Skeletonized wristwatches have been available since around the mid-1930s. On the one hand, there are machine-made wristwatches of this type, which are usually simply processed. On the other hand, there are handcrafted skeleton watches, which are mainly found in the high-priced watch segment due to their time-consuming and complicated production. Some well-known watch manufacturers have such watches manufactured in small series. Hand-skeletonized wristwatch movements are often provided with a watch case back made of sapphire glass ( see-through back ) and, in the course of the finissage , with fine engravings or chasings on the work plate.

photos

literature

  • FB Royer-Collard: Skeleton Clocks. NAG, London 1969
  • Derek Roberts: Skeleton Clocks, Britain 1800–1914. Antique Collectors Club, 1987, ISBN 1851490590
  • Derek Roberts: Continental and American Skeleton Clocks. Schiffer Pub Co, 1997, ISBN 978-0887401824

Web links

Commons : Skeleton clock  - collection of images, videos and audio files
Commons : Skeleton watches  - collection of images, videos and audio files

Individual evidence

  1. Rudi Koch (Ed.): BI-Lexicon - clocks and time measurement. VEB Leipzig, 1986, ISBN 3-323-00100-1 , p. 194
  2. Skeleton watch in Illustrated specialist dictionary of watchmaking
  3. ^ Helmut Kahlert , Richard Mühe , Gisbert L. Brunner , Christian Pfeiffer-Belli: wrist watches: 100 years of development history. Callwey, Munich 1983; 5th edition, ibid 1996, ISBN 3-7667-1241-1 , p. 505.
  4. Skeleton clock (2) in UhrenLexikon
  5. Viktor Pröstler: Callweys manual of the clock types.
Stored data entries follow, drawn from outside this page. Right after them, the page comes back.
(* Let $\mathfrak{P}$ be a compactness-like topological property, let $X$ be a space, let $Y$ be an extension of $X$ with compact remainder, let $\zeta Y$ be a compactification of $Y$, and let $\phi:\beta X\to\zeta Y$ be the continuous extension of the identity of $X$. Then $Y\in\mathscr{E}_\mathfrak{P}(X)$ if and only if $X$ is locally-$\mathfrak{P}$ and $\beta X\setminus\lambda_\mathfrak{P}X\subseteq\phi^{-1}[Y\setminus X]$.
   Context: All spaces are completely regular Hausdorff; $\beta X$ is the Stone–Čech compactification. An extension of $X$ is a space containing $X$ as a dense subspace; its remainder is $Y\setminus X$. $\mathscr{E}_\mathfrak{P}(X)$ is the set of all extensions of $X$ with $\mathfrak{P}$ and compact remainder. $X$ is locally-$\mathfrak{P}$ if each point has an open neighborhood whose closure has $\mathfrak{P}$. $\mathrm{Coz}(X)$ is the set of cozero-sets of $X$. $\lambda_\mathfrak{P}X=\bigcup\{\mathrm{int}_{\beta X}\mathrm{cl}_{\beta X}C: C\in\mathrm{Coz}(X),\ \mathrm{cl}_XC\text{ has }\mathfrak{P}\}$. A topological property is compactness-like if it is hereditary to clopen subspaces, finitely additive (finite disjoint unions of closed subspaces with $\mathfrak{P}$ have $\mathfrak{P}$), invariant and inverse invariant under perfect surjections (closed continuous surjections with compact fibers), and satisfies Mrówka's condition (W): if a space $Z$ has a point $p$ with an open base $\mathscr{B}$ at $p$ such that $Z\setminus B$ has $\mathfrak{P}$ for all $B\in\mathscr{B}$, then $Z$ has $\mathfrak{P}$. *)

theory Defs
  imports "HOL-Analysis.Analysis"
begin

definition tychonoff :: "'a topology \<Rightarrow> bool" where
  "tychonoff X \<longleftrightarrow> completely_regular_space X \<and> Hausdorff_space X"

definition mrowka_W :: "('a topology \<Rightarrow> bool) \<Rightarrow> bool" where
  "mrowka_W P \<longleftrightarrow>
     (\<forall>Z p \<B>. tychonoff Z \<and> p \<in> topspace Z \<and>
        (\<forall>B\<in>\<B>. openin Z B \<and> p \<in> B) \<and>
        (\<forall>U. openin Z U \<and> p \<in> U \<longrightarrow> (\<exists>B\<in>\<B>. B \<subseteq> U)) \<and>
        (\<forall>B\<in>\<B>. P (subtopology Z (topspace Z - B)))
      \<longrightarrow> P Z)"

definition compactness_like :: "('a topology \<Rightarrow> bool) \<Rightarrow> bool" where
  "compactness_like P \<longleftrightarrow>
     \<comment> \<open>hereditary to clopen subspaces\<close>
     (\<forall>Z A. tychonoff Z \<and> P Z \<and> closedin Z A \<and> openin Z A \<longrightarrow> P (subtopology Z A)) \<and>
     \<comment> \<open>finitely additive\<close>
     (\<forall>Z \<A>. tychonoff Z \<and> finite \<A> \<and> \<Union>\<A> = topspace Z \<and> disjoint \<A> \<and>
         (\<forall>A\<in>\<A>. closedin Z A \<and> P (subtopology Z A)) \<longrightarrow> P Z) \<and>
     \<comment> \<open>invariant and inverse invariant under perfect surjections\<close>
     (\<forall>Z T f. tychonoff Z \<and> tychonoff T \<and> perfect_map Z T f \<longrightarrow> (P Z \<longleftrightarrow> P T)) \<and>
     \<comment> \<open>Mrowka's condition (W)\<close>
     mrowka_W P"

definition Coz :: "'a topology \<Rightarrow> 'a set set" where
  "Coz X = {{x \<in> topspace X. f x \<noteq> 0} | f. continuous_map X euclideanreal f}"

definition is_extension :: "'a topology \<Rightarrow> 'a topology \<Rightarrow> bool" where
  "is_extension X Y \<longleftrightarrow> topspace X \<subseteq> topspace Y \<and> subtopology Y (topspace X) = X \<and>
     Y closure_of (topspace X) = topspace Y"
section \<open>The bounded inverse theorem\<close>

lemma bounded_linear_surj_closure_image_contains_ball:
  fixes f :: "'a::banach \<Rightarrow> 'b::banach"
  assumes "bounded_linear f" "surj f"
  obtains n :: nat and y0 r where "r > 0" "ball y0 r \<subseteq> closure (f ` cball 0 (real n))"
proof -
  define U where "U n = closure (f ` cball 0 (real n))" for n :: nat
  have "y \<in> \<Union> (range U)" for y
  proof -
    obtain x where "y = f x" using \<open>surj f\<close> by (metis surjD)
    moreover obtain n :: nat where "norm x \<le> real n" using real_arch_simple by blast
    ultimately show ?thesis unfolding U_def using closure_subset by fastforce
  qed
  then have "\<Union> (range U) = UNIV" by blast
  moreover have "closed (U n)" for n by (simp add: U_def)
  ultimately obtain n where "interior (U n) \<noteq> {}"
    using Baire_category_alt[of euclidean "range U"]
    by (force simp: completely_metrizable_space_euclidean closed_closedin[symmetric])
  then obtain y0 where "y0 \<in> interior (U n)" by blast
  then obtain r where "r > 0" "ball y0 r \<subseteq> U n"
    by (meson open_contains_ball open_interior interior_subset subset_trans)
  then show thesis unfolding U_def by (rule that)
qed
(* If $X$ is a connected weighted unicyclic graph whose cycle $C_p$ (with the weights inherited from $X$) has nonsingular subdivision $S(C_p)$, then no vertex of $S(X)$ is sedentary. In particular, if $X$ is a connected unweighted non-bipartite unicyclic graph, then no vertex of $S(X)$ is sedentary.
   Context: Graphs are simple, undirected, with nonzero real edge weights; $A(\cdot)$ is the weighted adjacency matrix; unweighted means all weights are $1$; nonsingular means the adjacency matrix is invertible. The subdivision $S(X)$ replaces each edge $\{u,v\}$ of weight $\omega$ by a new vertex $w$ and edges $\{u,w\},\{w,v\}$ of weight $\omega$. With $U(t)=e^{itA}$, a vertex $u$ is sedentary if $\inf_{t>0}|U(t)_{u,u}|\ge C$ for some $0<C\le1$, and not sedentary if the infimum is $0$. *)

theory Defs
  imports "HOL-Analysis.Analysis"
begin

text \<open>A weighted graph is a finite vertex set V together with a weight function w;
  {u,v} is an edge iff w u v is nonzero. The weighted adjacency matrix is w restricted to V.\<close>

definition wgraph :: "'v set \<Rightarrow> ('v \<Rightarrow> 'v \<Rightarrow> real) \<Rightarrow> bool" where
  "wgraph V w \<longleftrightarrow> finite V \<and> (\<forall>u v. w u v = w v u) \<and> (\<forall>u. w u u = 0)
     \<and> (\<forall>u v. w u v \<noteq> 0 \<longrightarrow> u \<in> V \<and> v \<in> V)"

definition edges :: "'v set \<Rightarrow> ('v \<Rightarrow> 'v \<Rightarrow> real) \<Rightarrow> 'v set set" where
  "edges V w = {{u, v} | u v. u \<in> V \<and> v \<in> V \<and> w u v \<noteq> 0}"

definition connected_graph :: "'v set \<Rightarrow> ('v \<Rightarrow> 'v \<Rightarrow> real) \<Rightarrow> bool" where
  "connected_graph V w \<longleftrightarrow> V \<noteq> {} \<and>
     (\<forall>u\<in>V. \<forall>v\<in>V. (u, v) \<in> {(a, b). w a b \<noteq> 0}\<^sup>*)"

definition is_cycle :: "'v set \<Rightarrow> ('v \<Rightarrow> 'v \<Rightarrow> real) \<Rightarrow> 'v list \<Rightarrow> bool" where
  "is_cycle V w cs \<longleftrightarrow> length cs \<ge> 3 \<and> distinct cs \<and> set cs \<subseteq> V \<and>
     (\<forall>i < length cs. w (cs ! i) (cs ! ((i + 1) mod length cs)) \<noteq> 0)"

definition cycle_edges :: "'v list \<Rightarrow> 'v set set" where
  "cycle_edges cs = {{cs ! i, cs ! ((i + 1) mod length cs)} | i. i < length cs}"

definition unicyclic :: "'v set \<Rightarrow> ('v \<Rightarrow> 'v \<Rightarrow> real) \<Rightarrow> bool" where
  "unicyclic V w \<longleftrightarrow> connected_graph V w \<and>
     card {cycle_edges cs | cs. is_cycle V w cs} = 1"

definition cycle_weight :: "('v \<Rightarrow> 'v \<Rightarrow> real) \<Rightarrow> 'v list \<Rightarrow> 'v \<Rightarrow> 'v \<Rightarrow> real" where
  "cycle_weight w cs a b = (if {a, b} \<in> cycle_edges cs then w a b else 0)"

text \<open>Subdivision: vertices Inl v (old) and Inr e (one new vertex per edge e).\<close>
definition subdiv_verts :: "'v set \<Rightarrow> ('v \<Rightarrow> 'v \<Rightarrow> real) \<Rightarrow> ('v + 'v set) set" where
  "subdiv_verts V w = Inl ` V \<union> Inr ` edges V w"

fun subdiv_weight :: "'v set \<Rightarrow> ('v \<Rightarrow> 'v \<Rightarrow> real) \<Rightarrow> ('v + 'v set) \<Rightarrow> ('v + 'v set) \<Rightarrow> real" where
  "subdiv_weight V w (Inl u) (Inr e) =
     (if e \<in> edges V w \<and> u \<in> e then (\<Sum>v\<in>e - {u}. w u v) else 0)"
| "subdiv_weight V w (Inr e) (Inl u) =
     (if e \<in> edges V w \<and> u \<in> e then (\<Sum>v\<in>e - {u}. w u v) else 0)"
| "subdiv_weight V w _ _ = 0"

text \<open>Matrix powers and the transition matrix U(t) = exp(i t A) as its power series.\<close>
fun mat_pow :: "'a set \<Rightarrow> ('a \<Rightarrow> 'a \<Rightarrow> real) \<Rightarrow> nat \<Rightarrow> 'a \<Rightarrow> 'a \<Rightarrow> real" where
  "mat_pow V A 0 u v = (if u = v then 1 else 0)"
| "mat_pow V A (Suc k) u v = (\<Sum>x\<in>V. A u x * mat_pow V A k x v)"

definition transition :: "'a set \<Rightarrow> ('a \<Rightarrow> 'a \<Rightarrow> real) \<Rightarrow> real \<Rightarrow> 'a \<Rightarrow> 'a \<Rightarrow> complex" where
  "transition V A t u v =
     (\<Sum>k. (\<i> * complex_of_real t) ^ k / of_nat (fact k) * complex_of_real (mat_pow V A k u v))"

definition sedentary :: "'a set \<Rightarrow> ('a \<Rightarrow> 'a \<Rightarrow> real) \<Rightarrow> 'a \<Rightarrow> bool" where
  "sedentary V A u \<longleftrightarrow> (\<exists>C. 0 < C \<and> C \<le> 1 \<and>
     C \<le> (INF t\<in>{0<..}. norm (transition V A t u u)))"

definition not_sedentary :: "'a set \<Rightarrow> ('a \<Rightarrow> 'a \<Rightarrow> real) \<Rightarrow> 'a \<Rightarrow> bool" where
  "not_sedentary V A u \<longleftrightarrow> (INF t\<in>{0<..}. norm (transition V A t u u)) = 0"

definition nonsingular :: "'a set \<Rightarrow> ('a \<Rightarrow> 'a \<Rightarrow> real) \<Rightarrow> bool" where
  "nonsingular V A \<longleftrightarrow> (\<exists>B. \<forall>u\<in>V. \<forall>v\<in>V.
     (\<Sum>x\<in>V. A u x * B x v) = (if u = v then 1 else 0) \<and>
     (\<Sum>x\<in>V. B u x * A x v) = (if u = v then 1 else 0))"

definition unweighted :: "('v \<Rightarrow> 'v \<Rightarrow> real) \<Rightarrow> bool" where
  "unweighted w \<longleftrightarrow> (\<forall>u v. w u v \<noteq> 0 \<longrightarrow> w u v = 1)"

definition bipartite :: "'v set \<Rightarrow> ('v \<Rightarrow> 'v \<Rightarrow> real) \<Rightarrow> bool" where
  "bipartite V w \<longleftrightarrow> (\<exists>f :: 'v \<Rightarrow> bool. \<forall>u\<in>V. \<forall>v\<in>V. w u v \<noteq> 0 \<longrightarrow> f u \<noteq> f v)"

end

theory Submission
  imports Defs "Jordan_Normal_Form.Determinant"
begin

definition exp_i_series :: "(nat \<Rightarrow> real) \<Rightarrow> real \<Rightarrow> complex" where
  "exp_i_series c t = (\<Sum>k. (\<i> * of_real t) ^ k / of_nat (fact k) * of_real (c k))"

lemma transition_eq_exp_i_series:
  "transition W A t a b = exp_i_series (\<lambda>k. mat_pow W A k a b) t"
  unfolding transition_def exp_i_series_def ..

lemma exp_i_series_eq_power_series:
  "exp_i_series c t = (\<Sum>n. \<i> ^ n * of_real (c n) / of_nat (fact n) * of_real t ^ n)"
  unfolding exp_i_series_def by (simp add: power_mult_distrib mult_ac)

lemma summable_exp_i_coeffs:
  assumes coeff_bound: "\<And>n. \<bar>c n\<bar> \<le> C * K ^ n"
  shows "summable (\<lambda>n. \<i> ^ n * of_real (c n) / of_nat (fact n) * (y :: complex) ^ n)"
proof (rule summable_comparison_test')
  show "summable (\<lambda>n. C * (inverse (fact n) * (K * norm y) ^ n))"
    by (intro summable_mult summable_exp)
  fix n
  have "norm (\<i> ^ n * of_real (c n) / of_nat (fact n) * y ^ n) = \<bar>c n\<bar> * (norm y ^ n / fact n)"
    by (simp add: norm_mult norm_divide norm_power)
  also have "\<dots> \<le> (C * K ^ n) * (norm y ^ n / fact n)"
    by (intro mult_right_mono coeff_bound) auto
  also have "\<dots> = C * (inverse (fact n) * (K * norm y) ^ n)"
    by (simp add: power_mult_distrib field_simps)
  finally show "norm (\<i> ^ n * of_real (c n) / of_nat (fact n) * y ^ n)
      \<le> C * (inverse (fact n) * (K * norm y) ^ n)" .
qed

context
  fixes c :: "nat \<Rightarrow> real" and K :: real
  assumes coeff_bound: "\<And>n. \<bar>c n\<bar> \<le> K ^ n"
begin

lemma summable_exp_i_series:
  "summable (\<lambda>k. (\<i> * of_real t) ^ k / of_nat (fact k) * of_real (c k))"
proof -
  have "\<bar>c n\<bar> \<le> 1 * K ^ n" for n
    using coeff_bound by simp
  from summable_exp_i_coeffs[OF this, of "of_real t"] show ?thesis
    by (simp add: power_mult_distrib mult_ac)
qed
From the wristwatch to the zappler. Callwey Munich 1994, ISBN 3-7667-1098-2 , p. 80
  6. Fritz von Osterhausen: Callweys lexicon. Munich 1999, ISBN 3-7667-1353-1 , p. 200
  7. Skeleton clock (1) in UhrenLexikon
  8. ^ Helmut Kahlert, Richard Mühe, Gisbert L. Brunner, Christian Pfeiffer-Belli: wrist watches: 100 years of development history. 1996, p. 505.